Attaching derby-481-04-aa-insert.diff. I am running regression tests now.
This patch wires in INSERT support for generated columns. I threaded my way through the INSERT machinery largely by following the way that CHECK constraints are handled.
Before this patch, the compiler built 2 significant methods for evaluating expressions:
1) A method which populates the base row from whatever data source is driving the INSERT. That data source could be, for instance, a list of literal values or a SELECT statement.
2) A method which runs the CHECK constraints.
My first attempt to support INSERT involved building the generation clauses into method (1). Unfortunately, that method is generated by the data sources, not by the driving INSERT node. I got this approach to work for the degenerate case of inserting a single literal value. But this approach failed when I tried to insert multiple literal values (where the data source is a UNION) and it failed when the data source was a SELECT. It became apparent that this approach would involve wiring code-generation logic into all implementations of ResultSet--there are quite a few. This began to look too complicated so I abandoned this approach.
The current patch represents a second attempt. Here the approach is to give the generation clauses their own method. Now the compiler builds 3 significant methods for evaluating expressions:
1') The original method which populates the base row from a data source (see above).
2') A new method which runs the generation clauses, looking for referenced columns in the row built by (1') and poking the generated values into that row.
3') The original method which runs the CHECK constraints (see above).
That was the tricky bit for compilation.
The tricky bit for execution was this: the base row has to be poked into the Activation so that it is visible to the generation clauses when (2') runs. A similar poking is done for CHECK constraints. If you examine this poking for CHECK constraints, you will notice that sometimes the poking is undone after the constraints run and sometimes we don't bother to undo the poking.

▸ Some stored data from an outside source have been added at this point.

(* Let $k$ be an algebraically closed field and $\ell\neq\mathrm{char}(k)$ a prime. Then: (a) An element of $\mathrm{Aut}(\mathbb P^1_k)$ is parabolic if and only if it is uniquely $\ell$-divisible. (b) A subgroup of $\mathrm{Aut}(\mathbb P^1_k)$ is the stabiliser of some point $P\in\mathbb P^1(k)$ if and only if it is the normaliser of the centraliser of some parabolic element.
   Context: An automorphism of $\mathbb P^1_k$ is parabolic if it has exactly one fixed point in $\mathbb P^1(k)$. An element $x$ of a group $G$ is uniquely $\ell$-divisible if there is exactly one $y\in G$ with $y^\ell=x$. *)

theory Defs
  imports "HOL-Algebra.Group_Action" "HOL-Computational_Algebra.Polynomial"
begin

definition alg_closed :: "'k::field itself \<Rightarrow> bool" where
  "alg_closed _ \<longleftrightarrow> (\<forall>p :: 'k poly. degree p > 0 \<longrightarrow> (\<exists>x. poly p x = 0))"

text \<open>A point of P^1(k) is the set of nonzero representatives of a line through the origin.\<close>
definition proj_pt :: "'k::field \<times> 'k \<Rightarrow> ('k \<times> 'k) set" where
  "proj_pt v = {(t * fst v, t * snd v) | t. t \<noteq> 0}"

definition P1 :: "('k::field \<times> 'k) set set" where
  "P1 = {proj_pt v | v. v \<noteq> (0, 0)}"

definition mat_apply :: "'k::field \<times> 'k \<times> 'k \<times> 'k \<Rightarrow> ('k \<times> 'k) set \<Rightarrow> ('k \<times> 'k) set" where
  "mat_apply M p = (case M of (a, b, c, d) \<Rightarrow> {(a * x + b * y, c * x + d * y) | x y. (x, y) \<in> p})"

definition mobius :: "'k::field \<times> 'k \<times> 'k \<times> 'k \<Rightarrow> ('k \<times> 'k) set \<Rightarrow> ('k \<times> 'k) set" where
  "mobius M = restrict (mat_apply M) P1"

text \<open>Aut(P^1_k) = PGL_2(k), realised faithfully as the group of induced bijections of P^1(k).\<close>
definition Aut_P1 :: "(('k::field \<times> 'k) set \<Rightarrow> ('k \<times> 'k) set) monoid" where
  "Aut_P1 = \<lparr> carrier = {mobius (a, b, c, d) | a b c d. a * d - b * c \<noteq> 0},
             monoid.mult = (\<lambda>f g. restrict (f \<circ> g) P1),
             one = restrict id P1 \<rparr>"

definition fixed_points :: "(('k::field \<times> 'k) set \<Rightarrow> ('k \<times> 'k) set) \<Rightarrow> ('k \<times> 'k) set set" where
  "fixed_points f = {P \<in> P1. f P = P}"

definition parabolic :: "(('k::field \<times> 'k) set \<Rightarrow> ('k \<times> 'k) set) \<Rightarrow> bool" where
  "parabolic f \<longleftrightarrow> f \<in> carrier (Aut_P1 :: (('k \<times> 'k) set \<Rightarrow> ('k \<times> 'k) set) monoid)
                   \<and> card (fixed_points f) = 1"

definition uniquely_divisible :: "('a, 'b) monoid_scheme \<Rightarrow> nat \<Rightarrow> 'a \<Rightarrow> bool" where
  "uniquely_divisible G l x \<longleftrightarrow> (\<exists>!y. y \<in> carrier G \<and> y [^]\<^bsub>G\<^esub> l = x)"

definition centralizer :: "('a, 'b) monoid_scheme \<Rightarrow> 'a set \<Rightarrow> 'a set" where
  "centralizer G S = {g \<in> carrier G. \<forall>s \<in> S. g \<otimes>\<^bsub>G\<^esub> s = s \<otimes>\<^bsub>G\<^esub> g}"

end

theory Submission
  imports Defs
begin

text \<open>
  Over an algebraically closed field every matrix in \<open>GL\<^sub>2\<close> has an eigenvector, so a
  Moebius transformation other than the identity is either induced by a matrix with two
  distinct eigenvalues, and then has exactly two fixed points, or by a scalar multiple of a
  transvection \<open>w \<mapsto> w - c \<cdot> cross v w \<cdot> v\<close>, which fixes only \<open>[v]\<close>.

  The transvections along \<open>v\<close> form a group isomorphic to \<open>(k, +)\<close>, and together with the
  identity they are precisely the centraliser of any one of them, \<open>f\<close> say: whatever commutes
  with \<open>f\<close> fixes the unique fixed point \<open>[v]\<close> of \<open>f\<close>, and if it had a second fixed point,
  \<open>f\<close> would permute the two, fix \<open>[v]\<close> and hence fix both. An \<open>l\<close>-th root of \<open>f\<close> commutes with \<open>f\<close>,
  so it lies in this copy of \<open>(k, +)\<close>, where taking \<open>l\<close>-th roots is division by \<open>l\<close>.
  Conversely, with \<open>\<zeta> \<noteq> 1\<close> an \<open>l\<close>-th root of unity, the identity has the two \<open>l\<close>-th roots
  \<open>id\<close> and \<open>diag(\<zeta>, 1)\<close>, and a matrix with eigenvalues \<open>\<lambda> \<noteq> \<mu>\<close> has \<open>l\<close>-th roots with
  eigenvalues \<open>(r, q)\<close> and \<open>(\<zeta> r, q)\<close>, where \<open>r\<^sup>l = \<lambda>\<close> and \<open>q\<^sup>l = \<mu>\<close>; they induce different
  transformations because the ratio of the eigenvalues is unchanged by rescaling.

  Conjugation by \<open>g\<close> moves fixed points by \<open>g\<close>, so \<open>g\<close> normalises the centraliser of a
  parabolic element with fixed point \<open>P\<close> exactly when \<open>g\<close> fixes \<open>P\<close>.
\<close>

section \<open>\<open>2 \<times> 2\<close> matrices\<close>

type_synonym 'k mat = "'k \<times> 'k \<times> 'k \<times> 'k"

fun mat_mult :: "'k::field mat \<Rightarrow> 'k mat \<Rightarrow> 'k mat" where
  "mat_mult (a, b, c, d) (e, f, g, h) = (a*e + b*g, a*f + b*h, c*e + d*g, c*f + d*h)"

I don't understand the difference between these code paths. As a result, I have defensively coded the new poking which we need for generated columns. I poke the base row into the Activation just before the generation clauses run. After the generation clauses run, I return the Activation to its previous state.

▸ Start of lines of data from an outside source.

(* There exists an instance of the brand-effects model in which the total expected welfare of the greedy allocation is strictly smaller than the total expected welfare (evaluated in the brand-effects model) of the allocation selected by the standard model without brand effects, i.e., the allocation that places ads in positions $1,\dots,s$ in decreasing order of their eCPM bids $b_i q_i$.
   Context: Brand-effects model: there are $s$ positions and a set of advertisers, each either a brand advertiser or a non-brand advertiser; advertiser $i$ has quality score $q_i \ge 0$ and bid $b_i \ge 0$, and its eCPM bid is $b_i q_i$. Each position $k$ has two quality scores $\beta_k$ and $\eta_k$, both non-increasing in $k$, normalized so $\beta_1=\eta_1=1$. A brand (resp. non-brand) advertiser with quality $q$ shown in position $k$ is clicked with probability $\beta_k q$ (resp. $\eta_k q$). An allocation places distinct advertisers in the positions; its total expected welfare is $\sum_j b_{(j)} p_{(j)}$, where $b_{(j)}$ and $p_{(j)}$ are the bid and click probability of the ad in position $j$. The normalized eCPM of advertiser $i$ for position $k$ is $\beta_k b_i q_i$ for a brand advertiser and $\eta_k b_i q_i$ for a non-brand advertiser. The greedy allocation is defined by, for $k=1,\dots,s$ in order, placing in position $k$ the not-yet-placed ad with the highest normalized eCPM for position $k$. *)

theory Defs
  imports Main "HOL.Real"
begin

text \<open>Advertisers are indexed by 0..<n; positions by 1..s.
  brand i: advertiser i is a brand advertiser; q i: quality; b i: bid;
  beta k, eta k: position quality scores.\<close>

definition valid_instance ::
  "nat \<Rightarrow> nat \<Rightarrow> (nat \<Rightarrow> bool) \<Rightarrow> (nat \<Rightarrow> real) \<Rightarrow> (nat \<Rightarrow> real)
   \<Rightarrow> (nat \<Rightarrow> real) \<Rightarrow> (nat \<Rightarrow> real) \<Rightarrow> bool" where
  "valid_instance s n brand q b beta eta \<longleftrightarrow>
     1 \<le> s \<and> s \<le> n \<and>
     (\<forall>i<n. 0 \<le> q i \<and> 0 \<le> b i) \<and>
     beta 1 = 1 \<and> eta 1 = 1 \<and>
     (\<forall>k\<in>{1..s}. 0 \<le> beta k \<and> 0 \<le> eta k) \<and>
     (\<forall>k\<in>{1..s}. \<forall>l\<in>{1..s}. k \<le> l \<longrightarrow> beta l \<le> beta k \<and> eta l \<le> eta k)"

definition is_allocation :: "nat \<Rightarrow> nat \<Rightarrow> (nat \<Rightarrow> nat) \<Rightarrow> bool" where
  "is_allocation s n a \<longleftrightarrow> inj_on a {1..s} \<and> a ` {1..s} \<subseteq> {..<n}"

definition click_prob ::
  "(nat \<Rightarrow> bool) \<Rightarrow> (nat \<Rightarrow> real) \<Rightarrow> (nat \<Rightarrow> real) \<Rightarrow> (nat \<Rightarrow> real)
   \<Rightarrow> nat \<Rightarrow> nat \<Rightarrow> real" where
  "click_prob brand q beta eta i k = (if brand i then beta k else eta k) * q i"

definition welfare ::
  "nat \<Rightarrow> (nat \<Rightarrow> bool) \<Rightarrow> (nat \<Rightarrow> real) \<Rightarrow> (nat \<Rightarrow> real) \<Rightarrow> (nat \<Rightarrow> real)
   \<Rightarrow> (nat \<Rightarrow> real) \<Rightarrow> (nat \<Rightarrow> nat) \<Rightarrow> real" where
  "welfare s brand q b beta eta a = (\<Sum>k=1..s. b (a k) * click_prob brand q beta eta (a k) k)"

definition norm_ecpm ::
  "(nat \<Rightarrow> bool) \<Rightarrow> (nat \<Rightarrow> real) \<Rightarrow> (nat \<Rightarrow> real) \<Rightarrow> (nat \<Rightarrow> real)
   \<Rightarrow> (nat \<Rightarrow> real) \<Rightarrow> nat \<Rightarrow> nat \<Rightarrow> real" where
  "norm_ecpm brand q b beta eta i k = (if brand i then beta k else eta k) * b i * q i"

definition is_greedy ::
  "nat \<Rightarrow> nat \<Rightarrow> (nat \<Rightarrow> bool) \<Rightarrow> (nat \<Rightarrow> real) \<Rightarrow> (nat \<Rightarrow> real) \<Rightarrow> (nat \<Rightarrow> real)
   \<Rightarrow> (nat \<Rightarrow> real) \<Rightarrow> (nat \<Rightarrow> nat) \<Rightarrow> bool" where
  "is_greedy s n brand q b beta eta a \<longleftrightarrow> is_allocation s n a \<and>
     (\<forall>k\<in>{1..s}. \<forall>i<n. i \<notin> a ` {1..<k} \<longrightarrow>
        norm_ecpm brand q b beta eta i k \<le> norm_ecpm brand q b beta eta (a k) k)"

definition is_standard ::
  "nat \<Rightarrow> nat \<Rightarrow> (nat \<Rightarrow> real) \<Rightarrow> (nat \<Rightarrow> real) \<Rightarrow> (nat \<Rightarrow> nat) \<Rightarrow> bool" where
  "is_standard s n q b a \<longleftrightarrow> is_allocation s n a \<and>
     (\<forall>k\<in>{1..s}. \<forall>i<n. i \<notin> a ` {1..<k} \<longrightarrow> b i * q i \<le> b (a k) * q (a k))"

end

theory Submission
  imports Defs
begin

text \<open>Take unit qualities, two brand ads bidding 10 and 9, a non-brand ad bidding 8,
  brand position scores \<open>\<beta> = (1, 4/5, 0)\<close> and non-brand scores \<open>\<eta> = (1, 1, 1)\<close>.
  Greedy fills slot 2 with the non-brand ad (8 > 9 \<cdot> 4/5) and so pushes the second
  brand ad into slot 3, where brand ads are never clicked: welfare 10 + 8 + 0 = 18.
  The eCPM order keeps the brand ads in slots 1, 2: welfare 10 + 36/5 + 8 = 126/5.\<close>

definition ranks_by :: "nat \<Rightarrow> nat \<Rightarrow> (nat \<Rightarrow> nat \<Rightarrow> real) \<Rightarrow> (nat \<Rightarrow> nat) \<Rightarrow> bool" where
  "ranks_by s n score a \<longleftrightarrow> is_allocation s n a \<and>
     (\<forall>k\<in>{1..s}. \<forall>i<n. i \<notin> a ` {1..<k} \<longrightarrow> score i k \<le> score (a k) k)"

lemma is_greedy_iff_ranks_by:
  "is_greedy s n brand q b beta eta a \<longleftrightarrow> ranks_by s n (norm_ecpm brand q b beta eta) a"
  by (simp add: is_greedy_def ranks_by_def)

lemma is_standard_iff_ranks_by:
  "is_standard s n q b a \<longleftrightarrow> ranks_by s n (\<lambda>i k. b i * q i) a"
  by (simp add: is_standard_def ranks_by_def)

lemma ranks_by_unique_max:
  assumes rank: "ranks_by s n score a" and k: "k \<in> {1..s}"
    and i: "i < n" "i \<notin> a ` {1..<k}"
    and strict: "\<And>j. j < n \<Longrightarrow> j \<noteq> i \<Longrightarrow> j \<notin> a ` {1..<k} \<Longrightarrow> score j k < score i k"
  shows "a k = i"
proof (rule ccontr)
  assume ne: "a k \<noteq> i"
  have inj: "inj_on a {1..s}" and range: "a ` {1..s} \<subseteq> {..<n}"
    using rank unfolding ranks_by_def is_allocation_def by blast+
  have "a k < n"
    using range k by blast
  moreover have "a k \<notin> a ` {1..<k}"
  proof
    assume "a k \<in> a ` {1..<k}"
    then obtain m where "m \<in> {1..<k}" "a k = a m" by blast
    moreover have "{1..<k} \<subseteq> {1..s}" using k by auto
    ultimately show False
      using inj_onD[OF inj] k by fastforce
  qed
  ultimately have "score (a k) k < score i k"
    using strict ne by blast
  moreover have "score i k \<le> score (a k) k"
    using rank k i unfolding ranks_by_def by blast
  ultimately show False by simp
qed

lemma three_positions: "{1..3::nat} = {1, 2, 3}"
  by auto

lemma earlier_positions: "{1..<1::nat} = {}" "{1..<2::nat} = {1}" "{1..<3::nat} = {1, 2}"
  by auto

lemma all_below_three: "(\<forall>i<3. P i) \<longleftrightarrow> P (0::nat) \<and> P 1 \<and> P 2"
  by (auto simp: less_Suc_eq numeral_3_eq_3 numeral_2_eq_2)

lemma ranks_by_three_positions:
  assumes "ranks_by 3 3 score a"
    and "\<And>j. j < 3 \<Longrightarrow> j \<noteq> x \<Longrightarrow> score j 1 < score x 1"
    and "\<And>j. j < 3 \<Longrightarrow> j \<noteq> y \<Longrightarrow> j \<noteq> x \<Longrightarrow> score j 2 < score y 2"
    and "x < 3" "y < 3" "z < 3" "x \<noteq> y" "y \<noteq> z" "x \<noteq> z"
  shows "a 1 = x \<and> a 2 = y \<and> a 3 = z"
proof -
  have first: "a 1 = x"
  proof (rule ranks_by_unique_max[OF assms(1)])
    show "score j 1 < score x 1" if "j < 3" "j \<noteq> x" for j
      using that assms(2) by blast
  qed (simp_all add: assms(4))
  have second: "a 2 = y"
  proof (rule ranks_by_unique_max[OF assms(1)])
    show "y \<notin> a ` {1..<2}"
      unfolding earlier_positions using first assms(7) by simp
    show "score j 2 < score y 2" if "j < 3" "j \<noteq> y" "j \<notin> a ` {1..<2}" for j
      using that assms(3) first unfolding earlier_positions by blast
  qed (simp_all add: assms(5))
  have "a 3 = z"
  proof (rule ranks_by_unique_max[OF assms(1)])
    show "z \<notin> a ` {1..<3}"
      unfolding earlier_positions using first second assms(8,9) by simp
    fix j
    assume "j < 3" "j \<noteq> z" "j \<notin> a ` {1..<3}"
    then have "j \<noteq> x" "j \<noteq> y"
      unfolding earlier_positions using first second by auto
    moreover have "j = x \<or> j = y \<or> j = z"
      using \<open>j < 3\<close> assms(4-9) by arith
    ultimately show "score j 3 < score z 3"
      using \<open>j \<noteq> z\<close> by blast
  qed (simp_all add: assms(6))
  with first second show ?thesis by simp
qed

definition example_brand :: "nat \<Rightarrow> bool" where
  "example_brand i \<longleftrightarrow> i \<le> 1"

definition example_bid :: "nat \<Rightarrow> real" where
  "example_bid i = (if i = 0 then 10 else if i = 1 then 9 else 8)"

definition example_beta :: "nat \<Rightarrow> real" where
  "example_beta k = (if k \<le> 1 then 1 else if k = 2 then 4/5 else 0)"

abbreviation example_welfare :: "(nat \<Rightarrow> nat) \<Rightarrow> real" where
  "example_welfare \<equiv> welfare 3 example_brand (\<lambda>_. 1) example_bid example_beta (\<lambda>_. 1)"

lemma example_greedy_order:
  assumes "is_greedy 3 3 example_brand (\<lambda>_. 1) example_bid example_beta (\<lambda>_. 1) g"
  shows "g 1 = 0 \<and> g 2 = 2 \<and> g 3 = 1"
  using assms unfolding is_greedy_iff_ranks_by
  by (rule ranks_by_three_positions)
     (auto simp: norm_ecpm_def example_brand_def example_bid_def example_beta_def
        less_Suc_eq numeral_3_eq_3)

lemma example_standard_order:
  assumes "is_standard 3 3 (\<lambda>_. 1) example_bid a"
  shows "a 1 = 0 \<and> a 2 = 1 \<and> a 3 = 2"
  using assms unfolding is_standard_iff_ranks_by
  by (rule ranks_by_three_positions)
     (auto simp: example_bid_def less_Suc_eq numeral_3_eq_3)

lemma example_welfare_eq:
  "example_welfare a = example_bid (a 1) * click_prob example_brand (\<lambda>_. 1) example_beta (\<lambda>_. 1) (a 1) 1
     + example_bid (a 2) * click_prob example_brand (\<lambda>_. 1) example_beta (\<lambda>_. 1) (a 2) 2
     + example_bid (a 3) * click_prob example_brand (\<lambda>_. 1) example_beta (\<lambda>_. 1) (a 3) 3"
  unfolding welfare_def three_positions by simp

theorem theorem7:
  shows "\<exists>s n brand q b beta eta.
           valid_instance s n brand q b beta eta \<and>
           (\<exists>g. is_greedy s n brand q b beta eta g) \<and>
           (\<exists>a. is_standard s n q b a) \<and>
           (\<forall>g a. is_greedy s n brand q b beta eta g \<longrightarrow> is_standard s n q b a \<longrightarrow>
              welfare s brand q b beta eta g < welfare s brand q b beta eta a)"
proof (intro exI conjI allI impI)
  show "valid_instance 3 3 example_brand (\<lambda>_. 1) example_bid example_beta (\<lambda>_. 1)"
    by (auto simp: valid_instance_def example_bid_def example_beta_def)
  show "is_greedy 3 3 example_brand (\<lambda>_. 1) example_bid example_beta (\<lambda>_. 1)
          (\<lambda>k. if k \<le> 1 then 0 else if k = 2 then 2 else 1)"
    unfolding is_greedy_def is_allocation_def three_positions earlier_positions ball_simps
      all_below_three
    by (simp add: norm_ecpm_def example_brand_def example_bid_def example_beta_def)
  show "is_standard 3 3 (\<lambda>_. 1) example_bid (\<lambda>k. if k \<le> 1 then 0 else if k = 2 then 1 else 2)"
    unfolding is_standard_def is_allocation_def three_positions earlier_positions ball_simps
      all_below_three
    by (simp add: example_bid_def)
  fix g a
  assume "is_greedy 3 3 example_brand (\<lambda>_. 1) example_bid example_beta (\<lambda>_. 1) g"
    and "is_standard 3 3 (\<lambda>_. 1) example_bid a"
  then have "g 1 = 0 \<and> g 2 = 2 \<and> g 3 = 1" and "a 1 = 0 \<and> a 2 = 1 \<and> a 3 = 2"
    using example_greedy_order example_standard_order by blast+
  then show "example_welfare g < example_welfare a"
    by (simp add: example_welfare_eq click_prob_def example_brand_def example_bid_def example_beta_def)
qed

end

Here is a little more detail on the implementation:
A) At bind() time we do the following:
i) Prune out explicit mentions of generated columns. These can arise if the user sets a generated column to the literal DEFAULT--as allowed by the ANSI/ISO syntax. So for instance, the following is legal:
insert into T( refCol, generatedCol ) values ( 1, default )
We prune out the explicitly added generated columns because, later on in the bind() phase, the insert list is expanded to include all columns with defaults (not just generated columns).
ii) When the insert list is expanded to include all defaulted columns, we add in the generated columns but we don't bind their expressions. This is because the generation clause may refer to other columns in the base row. This, in turn, creates an ordering problem. In addition we we don't yet have a result set number for the base row--we need that number in order to bind references to other columns which may appear in the generation clauses.
iii) Later on, just before we parse and bind the CHECK constraints, we parse and bind the generation clauses. At this point, we have enough context to bind the referenced columns.
B) At generate() time, we generate method (2') in between generating (1') and (3'). The generated (2') method is now one of the arguments to the factory method which creates the execution-driver, the InsertResultSet. This is just like what we do for CHECK constraints: the generated (3') method is also an argument to the instantiation of the InsertResultSet.
C) At execution time, we evaluate (2') just before we evaluate (3').
Touches the following files:
Adds a method so that a ResultColumn can report whether it represents a generated column. I also forced all overrides of the expression field to go through the setExpression() method. This, technically speaking, is not necessary--but it made debugging easier for me and I think it will be useful for other developers who need to debug this node.
Changes are made to support both binding and code-generation. These are the bind() changes:
i) Adds a method to object if the user tries to override the value in a generated column with any value other than the DEFAULT literal. For instance, the following is illegal:
insert into T( refCol, generatedCol ) values ( 1, 70 )
In addition, we remove explicit mentions of generated columns because we will add them back when we enhance the INSERT statement with defaulted columns.
ii) Adds logic to parse and bind generated columns. This is modelled on the logic which parses and binds CHECK constraints.
iii) Renames bindCheckConstraint() to bindRowScopedExpression() because this method is now shared by the logic which binds CHECK constraints and the logic which binds generation clauses.
Short-circuits the logic which enhances the base row with defaulted columns. Adds in the generated columns but does not add their generation clauses. This is because the clauses cannot be bound at the same time as the rest of the columns in the base row. We wait to bind them until the time that we bind CHECK constraints.
Wires binding and code-generation calls into bindStatement() and generate().
– CODE GENERATION
Skips code-generation for generated columns when walking the base row. The generateCore() method generates (1'). We need to build the generation clauses into (2') instead and this is done later on.
In addition to the bind() changes described above, adds logic to generate the (2') method.
Adds (2') as an argument to the factory method which instantiates InsertResultSets.
Adds a method for retrieving the current row from the Activation. This allows us to return the Activation to its original state after we have run (2').
Evaluates generation clauses close to where CHECK constraints are evaluated.
Uncomments basic INSERT tests.